%%

lemma line_differentiable_coeff_poly_of: "line_differentiable n (\<lambda>b. coeff (poly_of n b) m) b"
proof (cases "m < n")
  case True
  then show ?thesis
    using line_differentiable_coordinate[OF True] by (simp add: coeff_poly_of)
next
  case False
  then have "(\<lambda>b. coeff (poly_of n b) m) = (\<lambda>_. if m = n then 1 else 0)"
    by (auto simp: coeff_poly_of)
  then show ?thesis
    using line_differentiable_const by simp
qed

lemma gram_poly_altdef:
  "gram_poly i j P = (\<Sum>t\<le>i. of_nat (Suc (i-t)) * coeff P (Suc (i-t)) * coeff P (j+1+t)
     - coeff P (i-t) * (of_nat (Suc (j+1+t)) * coeff P (Suc (j+1+t))))"
  unfolding gram_poly_def coeff_pderiv by simp

lemma line_differentiable_det_gram_poly:
  "line_differentiable n (\<lambda>b. detn n (\<lambda>i j. gram_poly i j (poly_of n b))) b"
  unfolding detn_def gram_poly_altdef
  by (intro line_differentiable_sum line_differentiable_mult line_differentiable_const line_differentiable_prod
      line_differentiable_diff line_differentiable_coeff_poly_of) (auto simp: finite_permutations)

subsection \<open>Derivatives of the Gram matrix in the coefficients\<close>

text \<open>In every product of two coefficients in \<open>gram_poly i j\<close> at most one index equals \<open>j\<close>,
  so \<open>gram_poly i j\<close> is affine in \<open>a\<^sub>j\<close>; this is its slope.\<close>

definition gram_poly_deriv :: "nat \<Rightarrow> nat \<Rightarrow> real poly \<Rightarrow> real" where
  "gram_poly_deriv i j P =
     (\<Sum>t\<le>i. (if Suc (i-t) = j then of_nat (Suc (i-t)) * coeff P (j+1+t) else 0)
           - (if i - t = j then of_nat (Suc (j+1+t)) * coeff P (Suc (j+1+t)) else 0))"

lemma gram_poly_poly_of_fun_upd:
  assumes "j < n"
  shows "gram_poly i j (poly_of n (a(j := s)))
       = (gram_poly i j (poly_of n a) - a j * gram_poly_deriv i j (poly_of n a)) + s * gram_poly_deriv i j (poly_of n a)"
proof -
  let ?c = "coeff (poly_of n a)"
  have coeff_upd: "coeff (poly_of n (a(j := s))) m = ?c m + (if m = j then s - a j else 0)" for m
    using assms by (auto simp: coeff_poly_of)
  have "gram_poly i j (poly_of n (a(j := s)))
      = (\<Sum>t\<le>i. (of_nat (Suc (i-t)) * ?c (Suc (i-t)) * ?c (j+1+t) - ?c (i-t) * (of_nat (Suc (j+1+t)) * ?c (Suc (j+1+t))))
          + (s - a j) * ((if Suc (i-t) = j then of_nat (Suc (i-t)) * ?c (j+1+t) else 0)
                       - (if i - t = j then of_nat (Suc (j+1+t)) * ?c (Suc (j+1+t)) else 0)))"
    unfolding gram_poly_altdef by (rule sum.cong[OF refl]) (auto simp: coeff_upd algebra_simps)
  also have "\<dots> = gram_poly i j (poly_of n a) + (s - a j) * gram_poly_deriv i j (poly_of n a)"
    unfolding gram_poly_altdef gram_poly_deriv_def by (simp add: sum.distrib sum_distrib_left)
  finally show ?thesis
    by (simp add: algebra_simps)
qed

lemma partial_gram_poly_poly_of:
  "j < n \<Longrightarrow> partial j (\<lambda>b. gram_poly i j (poly_of n b)) a = gram_poly_deriv i j (poly_of n a)"
  by (rule partial_affine, rule gram_poly_poly_of_fun_upd)

lemma sum_reversed_Suc: "(\<Sum>t\<le>i. real (Suc (i - t))) = real (Suc i) * (real (Suc i) + 1) / 2"
proof -
  have "(\<Sum>t\<le>i. real (Suc (i - t))) = (\<Sum>t<Suc i. real (Suc (Suc i - Suc t)))"
    by (simp add: lessThan_Suc_atMost)
  also have "\<dots> = (\<Sum>t<Suc i. real (Suc t))"
    by (rule sum.nat_diff_reindex)
  also have "\<dots> = real (Suc i) * (real (Suc i) + 1) / 2"
    by (induct i) (auto simp: field_simps)
  finally show ?thesis .
qed

lemma sum_gram_poly_deriv_summand:
  fixes c :: "nat \<Rightarrow> real"
  assumes "t \<le> i" "i < n"
  shows "(\<Sum>j<n. (if Suc (i-t) = j then of_nat (Suc (i-t)) * c (j+1+t) else 0)
                - (if i - t = j then of_nat (Suc (j+1+t)) * c (Suc (j+1+t)) else 0))
       = (if Suc (i-t) < n then of_nat (Suc (i-t)) * c (Suc (Suc i)) else 0) - of_nat (Suc (Suc i)) * c (Suc (Suc i))"
proof -
  have "Suc (i-t) + 1 + t = Suc (Suc i)" "Suc (i - t + 1 + t) = Suc (Suc i)" "i - t < n"
    using assms by auto
  then show ?thesis
    unfolding sum_subtractf by (simp add: eq_commute[of "Suc (i-t)"] eq_commute[of "i-t"])
qed
(* Let $A$ be a Noetherian integral domain whose field of fractions $K$ is infinite, let $M$ be a finitely generated torsion-free $A$-module with $n=\dim_K(K\otimes_A M)\ge 2$. Let $\operatorname{GP}(M)$ be the simplicial complex whose simplices are the nonempty finite subsets $Y\subseteq M$ in general position, i.e. such that every subset of $Y$ with at most $n$ elements is linearly independent over $K$ (in $K\otimes_A M$). Then the geometric realisation of $\operatorname{GP}(M)$ is contractible. *)

theory Defs
  imports "HOL-Analysis.Analysis" "HOL-Computational_Algebra.Fraction_Field"
begin

definition emb :: "'a::idom \<Rightarrow> 'a fract" where
  "emb a = Fract a 1"

definition is_ideal :: "'a::comm_ring_1 set \<Rightarrow> bool" where
  "is_ideal I \<longleftrightarrow> 0 \<in> I \<and> (\<forall>x\<in>I. \<forall>y\<in>I. x + y \<in> I) \<and> (\<forall>a x. x \<in> I \<longrightarrow> a * x \<in> I)"

definition noetherian :: "'a::comm_ring_1 itself \<Rightarrow> bool" where
  "noetherian TYPE('a) \<longleftrightarrow>
     (\<forall>I::'a set. is_ideal I \<longrightarrow>
        (\<exists>F. finite F \<and> F \<subseteq> I \<and> I = {\<Sum>x\<in>F. c x * x | c. True}))"

text \<open>An A-submodule M of a K-vector space V (K = Frac A), where the
  K-vector space structure is given by sc.\<close>
definition A_submodule :: "('a::idom fract \<Rightarrow> 'v::ab_group_add \<Rightarrow> 'v) \<Rightarrow> 'v set \<Rightarrow> bool" where
  "A_submodule sc M \<longleftrightarrow> 0 \<in> M \<and> (\<forall>x\<in>M. \<forall>y\<in>M. x + y \<in> M)
      \<and> (\<forall>a x. x \<in> M \<longrightarrow> sc (emb a) x \<in> M)"

definition A_fin_gen :: "('a::idom fract \<Rightarrow> 'v::ab_group_add \<Rightarrow> 'v) \<Rightarrow> 'v set \<Rightarrow> bool" where
  "A_fin_gen sc M \<longleftrightarrow>
     (\<exists>F. finite F \<and> F \<subseteq> M \<and> M = {\<Sum>x\<in>F. sc (emb (c x)) x | c. True})"

definition gp_simplices :: "('k::field \<Rightarrow> 'v::ab_group_add \<Rightarrow> 'v) \<Rightarrow> 'v set \<Rightarrow> 'v set set" where
  "gp_simplices sc M = {Y. Y \<noteq> {} \<and> finite Y \<and> Y \<subseteq> M \<and>
      (\<forall>Z\<subseteq>Y. card Z \<le> vector_space.dim sc M \<longrightarrow> \<not> module.dependent sc Z)}"

text \<open>Points are functions v \<Rightarrow> real (barycentric coordinates), nonnegative,
  with support a simplex and coordinates summing to 1.\<close>
definition real_carrier :: "'v set set \<Rightarrow> ('v \<Rightarrow> real) set" where
  "real_carrier S = {f. (\<forall>v. 0 \<le> f v) \<and> {v. f v \<noteq> 0} \<in> S \<and> sum f {v. f v \<noteq> 0} = 1}"
lemma min_row_blue: "i < n \<Longrightarrow> min_row (i, Blue) = i"
  by (rule min_row_eqI) (auto simp: is_min_row_def)

lemma tropical_basis_iff:
  "tropical_basis n M q B \<longleftrightarrow> B \<subseteq> columns \<and> bij_betw min_row B {0..<n}"
proof -
  have "tropical_basis n M q B \<longleftrightarrow>
      B \<subseteq> columns \<and> (\<exists>\<phi>. bij_betw \<phi> {0..<n} B \<and> (\<forall>i<n. is_min_row i (\<phi> i)))"
    unfolding tropical_basis_def is_min_row_def columns_def ..
  also have "\<dots> \<longleftrightarrow> B \<subseteq> columns \<and> bij_betw min_row B {0..<n}"
  proof (intro conj_cong refl iffI)
    assume B: "B \<subseteq> columns"
    {
      assume "\<exists>\<phi>. bij_betw \<phi> {0..<n} B \<and> (\<forall>i<n. is_min_row i (\<phi> i))"
      then obtain \<phi> where \<phi>: "bij_betw \<phi> {0..<n} B" and min: "\<And>i. i < n \<Longrightarrow> is_min_row i (\<phi> i)"
        by blast
      have "min_row (\<phi> i) = i" if "i < n" for i
      proof -
        have "\<phi> i \<in> B"
          using \<phi> that by (auto simp: bij_betw_def)
        then show ?thesis
          using min_row_eqI[OF _ that min[OF that]] B by blast
      qed
      then show "bij_betw min_row B {0..<n}"
        using \<phi> B min_row by (intro bij_betw_byWitness[where f' = \<phi>]) (auto simp: bij_betw_def)
    }
    {
      assume bij: "bij_betw min_row B {0..<n}"
      have "is_min_row i (inv_into B min_row i)" if "i < n" for i
        using min_row[of "inv_into B min_row i"] bij_betw_inv_into_right[OF bij]
          bij_betw_apply[OF bij_betw_inv_into[OF bij]] B that by fastforce
      then show "\<exists>\<phi>. bij_betw \<phi> {0..<n} B \<and> (\<forall>i<n. is_min_row i (\<phi> i))"
        using bij_betw_inv_into[OF bij] by blast
    }
  qed
  finally show ?thesis .
qed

%%

● **Problem requirements**: Your reply should be one number: how many lines in the records contain "bool".

● **Result of this task**: 4